NASA is sponsoring a project by the name of Hawaii Space Exploration Analog and Simulation (Hi-Seas) that is aimed at finding out how a crew on Mars will cope with the new environment. They have completed 2 missions out of a total of 4 with the 3rd mission that just started with a total duration of 8 months.
This last project involves a crew of 6 members living in a large dome at a remote region of Hawaii, Mauna Loa. The exterior has solar panels on it, which are responsible for powering this habitat that has been shaped like a dome. For making the crew members feel comfortable and to prevent claustrophobia, the ceilings are high and in case the crew member forgot or damaged any tool, a 3D printer has been added.
The dome is 11 meters wide and has a living area worth 93 sq. meters. The project requires for the crew members to spend the entire trip staying inside the dome. If they need to move outside, the crew members have to suit up in their spacesuits similar to how future astronauts shall be required to do on Mars. The dome has been tiered in 2 floors while the crew members maintain their fitness by following a routine (P90X usually).

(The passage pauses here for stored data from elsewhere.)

(* Let $w$ be a decreasing weight on $(0,\infty)$ and $1<q<\infty$. The following are equivalent: (i) $\Lambda^1(w)\subset\Gamma^{1,q}(w)$. (ii) The Hardy operator $Sf(t)=\frac1t\int_0^t f(s)\,ds$ is bounded from $L^1_{\rm dec}(w)$ to $L^{1,q}(w)$, i.e. there is $C$ with $\|Sf\|_{L^{1,q}(w)}\le C\int_0^\infty f(t)w(t)\,dt$ for all nonnegative decreasing $f$ on $(0,\infty)$. (iii) $w\in B_1$.
   Context: A weight is a nonnegative locally integrable measurable function on $(0,\infty)$; "decreasing" means nonincreasing; $W(t)=\int_0^t w$. For a measurable function $f$ on $\mathbb{R}^n$, $f^*$ is its decreasing rearrangement and $f^{**}(t)=\frac1t\int_0^t f^*(s)\,ds$. $\|f\|_{\Lambda^1(w)}=\int_0^\infty f^*(t)w(t)\,dt$ and $\|f\|_{\Gamma^{1,q}(w)}=\big(\int_0^\infty (f^{**}(t))^qW^{q-1}(t)w(t)\,dt\big)^{1/q}$; $X\subset Y$ means $\|f\|_Y\le C\|f\|_X$ for all $f$. $L^{1,q}(w)$ is the Lorentz space on $(0,\infty)$ with respect to the measure $w(t)\,dt$: $\|g\|_{L^{1,q}(w)}=\big(\int_0^\infty t^{q-1}(g^*_w(t))^q\,dt\big)^{1/q}$, with $g^*_w$ the decreasing rearrangement of $g$ with respect to $w(t)\,dt$. $w\in B_1$ means there is $C$ with $\int_r^\infty\frac{w(s)}{s}\,ds\le\frac Cr\int_0^r w(s)\,ds$ for all $r>0$. *)

theory Defs
  imports "HOL-Analysis.Analysis"
begin

definition enn_powr :: "ennreal \<Rightarrow> real \<Rightarrow> ennreal" where
  "enn_powr x p = (if x = top then top else ennreal (enn2real x powr p))"

definition rearr :: "'a measure \<Rightarrow> ('a \<Rightarrow> ennreal) \<Rightarrow> real \<Rightarrow> ennreal" where
  "rearr M g t = Inf {s. emeasure M {x \<in> space M. g x > s} \<le> ennreal t}"

definition dec_rearr :: "('a::euclidean_space \<Rightarrow> real) \<Rightarrow> real \<Rightarrow> ennreal" where
  "dec_rearr f = rearr lebesgue (\<lambda>x. ennreal \<bar>f x\<bar>)"

definition max_rearr :: "('a::euclidean_space \<Rightarrow> real) \<Rightarrow> real \<Rightarrow> ennreal" where
  "max_rearr f t = ennreal (1 / t) * (\<integral>\<^sup>+ s \<in> {0<..<t}. dec_rearr f s \<partial>lborel)"

definition Wfun :: "(real \<Rightarrow> real) \<Rightarrow> real \<Rightarrow> ennreal" where
  "Wfun w t = (\<integral>\<^sup>+ s \<in> {0<..<t}. ennreal (w s) \<partial>lborel)"

definition Lambda1_norm :: "(real \<Rightarrow> real) \<Rightarrow> ('a::euclidean_space \<Rightarrow> real) \<Rightarrow> ennreal" where
  "Lambda1_norm w f = (\<integral>\<^sup>+ t \<in> {0<..}. dec_rearr f t * ennreal (w t) \<partial>lborel)"

definition Gamma1q_norm :: "(real \<Rightarrow> real) \<Rightarrow> real \<Rightarrow> ('a::euclidean_space \<Rightarrow> real) \<Rightarrow> ennreal" where
  "Gamma1q_norm w q f = enn_powr
     (\<integral>\<^sup>+ t \<in> {0<..}. enn_powr (max_rearr f t) q * enn_powr (Wfun w t) (q - 1) * ennreal (w t) \<partial>lborel)
     (1 / q)"

definition wmeasure :: "(real \<Rightarrow> real) \<Rightarrow> real measure" where
  "wmeasure w = density (restrict_space lborel {0<..}) (\<lambda>t. ennreal (w t))"

definition L1q_norm :: "(real \<Rightarrow> real) \<Rightarrow> real \<Rightarrow> (real \<Rightarrow> ennreal) \<Rightarrow> ennreal" where
  "L1q_norm w q g = enn_powr
     (\<integral>\<^sup>+ t \<in> {0<..}. ennreal (t powr (q - 1)) * enn_powr (rearr (wmeasure w) g t) q \<partial>lborel)
     (1 / q)"

definition hardy :: "(real \<Rightarrow> real) \<Rightarrow> real \<Rightarrow> ennreal" where
  "hardy f t = ennreal (1 / t) * (\<integral>\<^sup>+ s \<in> {0<..<t}. ennreal (f s) \<partial>lborel)"

definition weight :: "(real \<Rightarrow> real) \<Rightarrow> bool" where
  "weight w \<longleftrightarrow> w \<in> borel_measurable lborel \<and> (\<forall>t>0. w t \<ge> 0)
     \<and> (\<forall>t>0. set_integrable lborel {0<..<t} w)"

definition decreasing_on_pos :: "(real \<Rightarrow> real) \<Rightarrow> bool" where
  "decreasing_on_pos f \<longleftrightarrow> (\<forall>s t. 0 < s \<and> s \<le> t \<longrightarrow> f t \<le> f s)"

definition B1 :: "(real \<Rightarrow> real) \<Rightarrow> bool" where
  "B1 w \<longleftrightarrow> (\<exists>C::real. \<forall>r>0.
     (\<integral>\<^sup>+ s \<in> {r<..}. ennreal (w s / s) \<partial>lborel) \<le> ennreal (C / r) * Wfun w r)"

end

The delay that the crew member will experience once they are on Mars was simulated by conducting a 24-minute delay in all communications back ‘home’. The rooms have been designed like a six ‘pie-slice-shaped staterooms’ that have a mattress, stool and a desk. Backup power is provided by a hydrogen fuel cell.
NASA granted $1.2 million to the Hi-Seas Program earlier this year to allow for continued research on human factors that may rise and shall have to be tackled by the future crew on Mars. The first two missions that were carried out were of 4 months each. The last mission shall begin in August 2015.
The research team is busy monitoring and understanding how the crew copes with different situations in the habitat. According to the team, the information learned shall prove crucial in the future when missions shall be sent to Mars (expected to happen in 2030s). How cool is that!